GIVEN DATA Start Marker

(* Let $a_1,\dots,a_7$ and $\alpha_1,\dots,\alpha_7$ be positive real numbers with $\sum_{i=1}^7\alpha_i=\pi$. Then $$\sum_{i=1}^7 a_i\cos\alpha_i\;\le\;\cos\frac{\pi}{7}\cdot\frac{1}{a_1a_2\cdots a_7}\,\psi(a_1^2,a_2^2,\dots,a_7^2),$$ where $\psi(x_1,\dots,x_7)=x_1x_2x_3x_4+x_2x_3x_4x_5+x_3x_4x_5x_6+x_4x_5x_6x_7+x_5x_6x_7x_1+x_6x_7x_1x_2+x_7x_1x_2x_3$. *)

theory Defs
  imports Complex_Main
begin

definition psi7 :: "real \<Rightarrow> real \<Rightarrow> real \<Rightarrow> real \<Rightarrow> real \<Rightarrow> real \<Rightarrow> real \<Rightarrow> real" where
  "psi7 x1 x2 x3 x4 x5 x6 x7 =
     x1*x2*x3*x4 + x2*x3*x4*x5 + x3*x4*x5*x6 + x4*x5*x6*x7
   + x5*x6*x7*x1 + x6*x7*x1*x2 + x7*x1*x2*x3"

end

theory Submission
  imports Defs
begin

text \<open>
  Set \<open>c = cos (\<pi>/7)\<close>. The quadratic form
  \<open>y\<^sub>1y\<^sub>2 + \<dots> + y\<^sub>6y\<^sub>7 - y\<^sub>7y\<^sub>1\<close> on \<open>\<real>\<^sup>7\<close> is bounded by
  \<open>c \<Sum> y\<^sub>i\<^sup>2\<close>, since \<open>c\<close> is its largest eigenvalue; this is certified by an explicit
  sum of squares modulo the minimal polynomial \<open>8c\<^sup>3 - 4c\<^sup>2 - 4c + 1\<close> of \<open>c\<close>.
  Placing vectors of lengths \<open>x\<^sub>i\<close> in the plane at successive angles
  \<open>\<beta>\<^sub>1, \<beta>\<^sub>1 + \<beta>\<^sub>2, \<dots>\<close>, the last one ends at angle \<open>\<pi>\<close>, which produces the sign in
  front of \<open>y\<^sub>7y\<^sub>1\<close>; applying the bound to both coordinates gives
  \<open>\<Sum> x\<^sub>ix\<^sub>i\<^sub>+\<^sub>1 cos \<beta>\<^sub>i \<le> c \<Sum> x\<^sub>i\<^sup>2\<close> whenever \<open>\<Sum> \<beta>\<^sub>i = \<pi>\<close>.
  Finally each \<open>a\<^sub>i\<close> factors as \<open>x\<^sub>jx\<^sub>k\<close> along a 7-cycle with
  \<open>\<Sum> x\<^sub>i\<^sup>2 = \<psi>(a\<^sub>1\<^sup>2, \<dots>, a\<^sub>7\<^sup>2) / (a\<^sub>1 \<cdots> a\<^sub>7)\<close>.
\<close>

lemma antiperiodic_cycle_form_sos:
  fixes c y1 y2 y3 y4 y5 y6 y7 :: real
  shows "c * (y1^2 + y2^2 + y3^2 + y4^2 + y5^2 + y6^2 + y7^2)
           - (y1*y2 + y2*y3 + y3*y4 + y4*y5 + y5*y6 + y6*y7 - y7*y1)
         = c * (y1 + 2*(1 + c - 2*c^2)*(y7 - y2))^2
         + (2*c^2 - 1) * (y2 + (1 - 2*c)*y3 + (4*c^2 - 2*c - 1)*y7)^2
         + 1/2 * (y3 - y4 + (4*c^2 - 2*c - 1)*y7)^2
         + (c - 1/2) * (y4 + 2*(1 - 2*c^2)*y5 + 2*(1 + c - 2*c^2)*y7)^2
         + (1 + c - 2*c^2) * (y5 + y7 - 2*c*y6)^2
         + (8*c^3 - 4*c^2 - 4*c + 1)
           * ((3/2 + 4*c - 2*c^2 - 4*c^3)*y7^2 - (2 + 4*c - 4*c^2)*y2*y7 + (1 + c - 2*c^2)*y2^2
              + y1*y7 - y1*y2 + (4*c^2 - 2*c - 1)*y3*y7 + (1/2 - c)*y3^2 + y2*y3
              + 2*(1 + c - 2*c^2)*y5*y7 + (1 - 2*c^2)*y5^2 + y4*y7 + y4*y5
              - y6*y7 - y5*y6 + c*y6^2)"
  by (simp add: algebra_simps power2_eq_square power3_eq_cube)

lemma cos_pi_div_7_bounds: "0 < cos (pi/7)" "1 < 2 * cos (pi/7)^2" "cos (pi/7) < 1"
proof -
  show "0 < cos (pi/7)"
    by (rule cos_gt_zero_pi) (use pi_gt_zero in linarith)+
  have "sqrt 2 / 2 < cos (pi/7)"
    using cos_mono_less_eq[of "pi/4" "pi/7"] pi_gt_zero by (simp add: cos_45)
  then have "(sqrt 2 / 2)^2 < cos (pi/7)^2"
    by (intro power_strict_mono) auto
  then show "1 < 2 * cos (pi/7)^2"
    by (simp add: power_divide)
  show "cos (pi/7) < 1"
    using cos_mono_less_eq[of "pi/7" 0] pi_gt_zero by simp
qed

lemma cos_pi_div_7_cubic: "8 * cos (pi/7)^3 - 4 * cos (pi/7)^2 - 4 * cos (pi/7) + 1 = 0"
proof -
  define c where "c = cos (pi/7)"
  have "cos (4 * (pi/7)) = - cos (3 * (pi/7))"
    using cos_pi_minus[of "3 * (pi/7)"] by (simp add: field_simps)
  moreover have "cos (4 * (pi/7)) = 2 * (2*c^2 - 1)^2 - 1"
    using cos_double_cos[of "2 * (pi/7)"] cos_double_cos[of "pi/7"] by (simp add: c_def)
  moreover have "cos (3 * (pi/7)) = 4*c^3 - 3*c"
    unfolding c_def by (rule cos_treble_cos)
  ultimately have "(c + 1) * (8*c^3 - 4*c^2 - 4*c + 1) = 0"
    by (simp add: algebra_simps power2_eq_square power3_eq_cube)
  moreover have "c > 0"
    using cos_pi_div_7_bounds by (simp add: c_def)
  ultimately show ?thesis by (simp add: c_def)
qed

lemma antiperiodic_cycle_form_le:
  fixes y1 y2 y3 y4 y5 y6 y7 :: real
  shows "y1*y2 + y2*y3 + y3*y4 + y4*y5 + y5*y6 + y6*y7 - y7*y1
         \<le> cos (pi/7) * (y1^2 + y2^2 + y3^2 + y4^2 + y5^2 + y6^2 + y7^2)"
proof -
  define c where "c = cos (pi/7)"
  have "c > 0" "1 < 2*c^2" "c < 1"
    using cos_pi_div_7_bounds by (simp_all add: c_def)
  moreover have "1 + c - 2*c^2 = (1 - c) * (1 + 2*c)"
    by (simp add: algebra_simps power2_eq_square)
  moreover have "c^2 < c"
    using \<open>c > 0\<close> \<open>c < 1\<close> by (simp add: power2_eq_square)
  ultimately have weights: "0 \<le> c" "0 \<le> 2*c^2 - 1" "0 \<le> c - 1/2" "0 \<le> 1 + c - 2*c^2"
    by auto
  have "8*c^3 - 4*c^2 - 4*c + 1 = 0"
    unfolding c_def by (rule cos_pi_div_7_cubic)
  then have "0 \<le> c * (y1^2 + y2^2 + y3^2 + y4^2 + y5^2 + y6^2 + y7^2)
              - (y1*y2 + y2*y3 + y3*y4 + y4*y5 + y5*y6 + y6*y7 - y7*y1)"
    unfolding antiperiodic_cycle_form_sos[of c]
    by (simp only: mult_zero_left add_0_right) (intro add_nonneg_nonneg mult_nonneg_nonneg weights; simp)
  then show ?thesis
    by (simp add: c_def)
qed

lemma cycle_cos_sum_le:
  fixes x1 x2 x3 x4 x5 x6 x7 b1 b2 b3 b4 b5 b6 b7 :: real
  assumes "b1 + b2 + b3 + b4 + b5 + b6 + b7 = pi"
  shows "x1*x2*cos b1 + x2*x3*cos b2 + x3*x4*cos b3 + x4*x5*cos b4
           + x5*x6*cos b5 + x6*x7*cos b6 + x7*x1*cos b7
         \<le> cos (pi/7) * (x1^2 + x2^2 + x3^2 + x4^2 + x5^2 + x6^2 + x7^2)"
proof -
  define p2 where "p2 = b1"
  define p3 where "p3 = p2 + b2"
  define p4 where "p4 = p3 + b3"
  define p5 where "p5 = p4 + b4"
  define p6 where "p6 = p5 + b5"
  define p7 where "p7 = p6 + b6"
  have b7: "b7 = pi - p7"
    using assms unfolding p7_def p6_def p5_def p4_def p3_def p2_def by simp
  have inner: "x*y*cos (q - p) = (x*cos p)*(y*cos q) + (x*sin p)*(y*sin q)" for x y p q :: real
    by (simp add: cos_diff algebra_simps)
  have norm: "x^2 = (x*cos p)^2 + (x*sin p)^2" for x p :: real
    by (simp add: power_mult_distrib flip: distrib_left)
  have "x1*x2*cos b1 + x2*x3*cos b2 + x3*x4*cos b3 + x4*x5*cos b4
          + x5*x6*cos b5 + x6*x7*cos b6 + x7*x1*cos b7
        = (x1*(x2*cos p2) + (x2*cos p2)*(x3*cos p3) + (x3*cos p3)*(x4*cos p4)
            + (x4*cos p4)*(x5*cos p5) + (x5*cos p5)*(x6*cos p6) + (x6*cos p6)*(x7*cos p7)
            - (x7*cos p7)*x1)
        + (0*(x2*sin p2) + (x2*sin p2)*(x3*sin p3) + (x3*sin p3)*(x4*sin p4)
            + (x4*sin p4)*(x5*sin p5) + (x5*sin p5)*(x6*sin p6) + (x6*sin p6)*(x7*sin p7)
            - (x7*sin p7)*0)"
    using inner[of x2 x3 p2 p3] inner[of x3 x4 p3 p4] inner[of x4 x5 p4 p5]
      inner[of x5 x6 p5 p6] inner[of x6 x7 p6 p7]
    unfolding b7 by (simp add: p2_def p3_def p4_def p5_def p6_def p7_def algebra_simps)
  also have "\<dots> \<le> cos (pi/7) * (x1^2 + (x2*cos p2)^2 + (x3*cos p3)^2 + (x4*cos p4)^2
                     + (x5*cos p5)^2 + (x6*cos p6)^2 + (x7*cos p7)^2)
              + cos (pi/7) * (0^2 + (x2*sin p2)^2 + (x3*sin p3)^2 + (x4*sin p4)^2
                     + (x5*sin p5)^2 + (x6*sin p6)^2 + (x7*sin p7)^2)"
    by (intro add_mono antiperiodic_cycle_form_le)
  also have "\<dots> = cos (pi/7) * (x1^2 + x2^2 + x3^2 + x4^2 + x5^2 + x6^2 + x7^2)"
    by (simp only: norm[of x2 p2] norm[of x3 p3] norm[of x4 p4] norm[of x5 p5] norm[of x6 p6]
        norm[of x7 p7]) (simp add: algebra_simps)
  finally show ?thesis .
qed

text \<open>
  The witness is \<open>x\<^sub>i = a\<^sub>ia\<^sub>i\<^sub>+\<^sub>1a\<^sub>i\<^sub>+\<^sub>2a\<^sub>i\<^sub>+\<^sub>3 / \<surd>(a\<^sub>1 \<cdots> a\<^sub>7)\<close>
  (indices mod 7): the index sets of \<open>x\<^sub>i\<close> and \<open>x\<^sub>i\<^sub>+\<^sub>3\<close> meet only in \<open>i + 3\<close> and
  together cover every index once more, so \<open>x\<^sub>ix\<^sub>i\<^sub>+\<^sub>3 = a\<^sub>i\<^sub>+\<^sub>3\<close>.
\<close>

lemma cyclic_factorization_psi7:
  fixes a :: "nat \<Rightarrow> real"
  assumes "\<And>i. i \<in> {1..7} \<Longrightarrow> a i > 0"
  obtains x1 x2 x3 x4 x5 x6 x7 :: real
  where "x1*x4 = a 4" "x4*x7 = a 7" "x7*x3 = a 3" "x3*x6 = a 6"
    and "x6*x2 = a 2" "x2*x5 = a 5" "x5*x1 = a 1"
    and "x1^2 + x4^2 + x7^2 + x3^2 + x6^2 + x2^2 + x5^2
         = 1 / (\<Prod>i=1..7. a i) * psi7 ((a 1)^2) ((a 2)^2) ((a 3)^2) ((a 4)^2) ((a 5)^2) ((a 6)^2) ((a 7)^2)"
proof -
  define P where "P = a 1 * a 2 * a 3 * a 4 * a 5 * a 6 * a 7"
  have "P > 0"
    unfolding P_def using assms by simp
  have prod_eq: "(\<Prod>i=1..7. a i) = P"
    by (simp add: P_def eval_nat_numeral algebra_simps)
  define r where "r = sqrt P"
  have "r^2 = P"
    using \<open>P > 0\<close> by (simp add: r_def)
  have prod_div: "(u / r) * (v / r) = w" if "u * v = w * P" for u v w
    using that \<open>P > 0\<close> \<open>r^2 = P\<close> by (simp add: field_simps power2_eq_square)
  have square_div: "(u / r)^2 = u^2 / P" for u
    using \<open>r^2 = P\<close> by (simp add: power_divide)
  show thesis
  proof
    show "(a 1 * a 2 * a 3 * a 4 / r) * (a 4 * a 5 * a 6 * a 7 / r) = a 4"
      "(a 4 * a 5 * a 6 * a 7 / r) * (a 7 * a 1 * a 2 * a 3 / r) = a 7"
      "(a 7 * a 1 * a 2 * a 3 / r) * (a 3 * a 4 * a 5 * a 6 / r) = a 3"
      "(a 3 * a 4 * a 5 * a 6 / r) * (a 6 * a 7 * a 1 * a 2 / r) = a 6"
      "(a 6 * a 7 * a 1 * a 2 / r) * (a 2 * a 3 * a 4 * a 5 / r) = a 2"
      "(a 2 * a 3 * a 4 * a 5 / r) * (a 5 * a 6 * a 7 * a 1 / r) = a 5"
      "(a 5 * a 6 * a 7 * a 1 / r) * (a 1 * a 2 * a 3 * a 4 / r) = a 1"
      by (rule prod_div; simp add: P_def algebra_simps)+
    show "(a 1 * a 2 * a 3 * a 4 / r)^2 + (a 4 * a 5 * a 6 * a 7 / r)^2
          + (a 7 * a 1 * a 2 * a 3 / r)^2 + (a 3 * a 4 * a 5 * a 6 / r)^2
          + (a 6 * a 7 * a 1 * a 2 / r)^2 + (a 2 * a 3 * a 4 * a 5 / r)^2
          + (a 5 * a 6 * a 7 * a 1 / r)^2
          = 1 / (\<Prod>i=1..7. a i) * psi7 ((a 1)^2) ((a 2)^2) ((a 3)^2) ((a 4)^2) ((a 5)^2) ((a 6)^2) ((a 7)^2)"
      unfolding prod_eq square_div psi7_def using \<open>P > 0\<close>
      by (simp add: field_simps power_mult_distrib)
  qed
qed

theorem theorem3:
  fixes a \<alpha> :: "nat \<Rightarrow> real"
  assumes "\<And>i. i \<in> {1..7} \<Longrightarrow> a i > 0"
      and "\<And>i. i \<in> {1..7} \<Longrightarrow> \<alpha> i > 0"
      and "(\<Sum>i=1..7. \<alpha> i) = pi"
  shows "(\<Sum>i=1..7. a i * cos (\<alpha> i))
         \<le> cos (pi / 7) * (1 / (\<Prod>i=1..7. a i))
            * psi7 ((a 1)^2) ((a 2)^2) ((a 3)^2) ((a 4)^2) ((a 5)^2) ((a 6)^2) ((a 7)^2)"
proof -
  obtain x1 x2 x3 x4 x5 x6 x7
    where products: "x1*x4 = a 4" "x4*x7 = a 7" "x7*x3 = a 3" "x3*x6 = a 6"
      "x6*x2 = a 2" "x2*x5 = a 5" "x5*x1 = a 1"
    and squares: "x1^2 + x4^2 + x7^2 + x3^2 + x6^2 + x2^2 + x5^2
      = 1 / (\<Prod>i=1..7. a i) * psi7 ((a 1)^2) ((a 2)^2) ((a 3)^2) ((a 4)^2) ((a 5)^2) ((a 6)^2) ((a 7)^2)"
    using assms(1) by (rule cyclic_factorization_psi7)
  have "(\<Sum>i=1..7. a i * cos (\<alpha> i))
        = x1*x4*cos (\<alpha> 4) + x4*x7*cos (\<alpha> 7) + x7*x3*cos (\<alpha> 3) + x3*x6*cos (\<alpha> 6)
          + x6*x2*cos (\<alpha> 2) + x2*x5*cos (\<alpha> 5) + x5*x1*cos (\<alpha> 1)"
    unfolding products by (simp add: eval_nat_numeral algebra_simps)
  also have "\<dots> \<le> cos (pi/7) * (x1^2 + x4^2 + x7^2 + x3^2 + x6^2 + x2^2 + x5^2)"
    by (rule cycle_cos_sum_le) (use assms(3) in \<open>simp add: eval_nat_numeral algebra_simps\<close>)
  also have "\<dots> = cos (pi / 7) * (1 / (\<Prod>i=1..7. a i))
      * psi7 ((a 1)^2) ((a 2)^2) ((a 3)^2) ((a 4)^2) ((a 5)^2) ((a 6)^2) ((a 7)^2)"
    by (simp only: squares mult.assoc)
  finally show ?thesis .
qed

end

GIVEN DATA End Marker

_PROBLEM TO SOLVE_: This exercise requires the lines of the entries containing the string "inner".

_SOLUTION TO THE PROBLEM_:
  have inner: "x*y*cos (q - p) = (x*cos p)*(y*cos q) + (x*sin p)*(y*sin q)" for x y p q :: real
    using inner[of x2 x3 p2 p3] inner[of x3 x4 p3 p4] inner[of x4 x5 p4 p5]
      inner[of x5 x6 p5 p6] inner[of x6 x7 p6 p7]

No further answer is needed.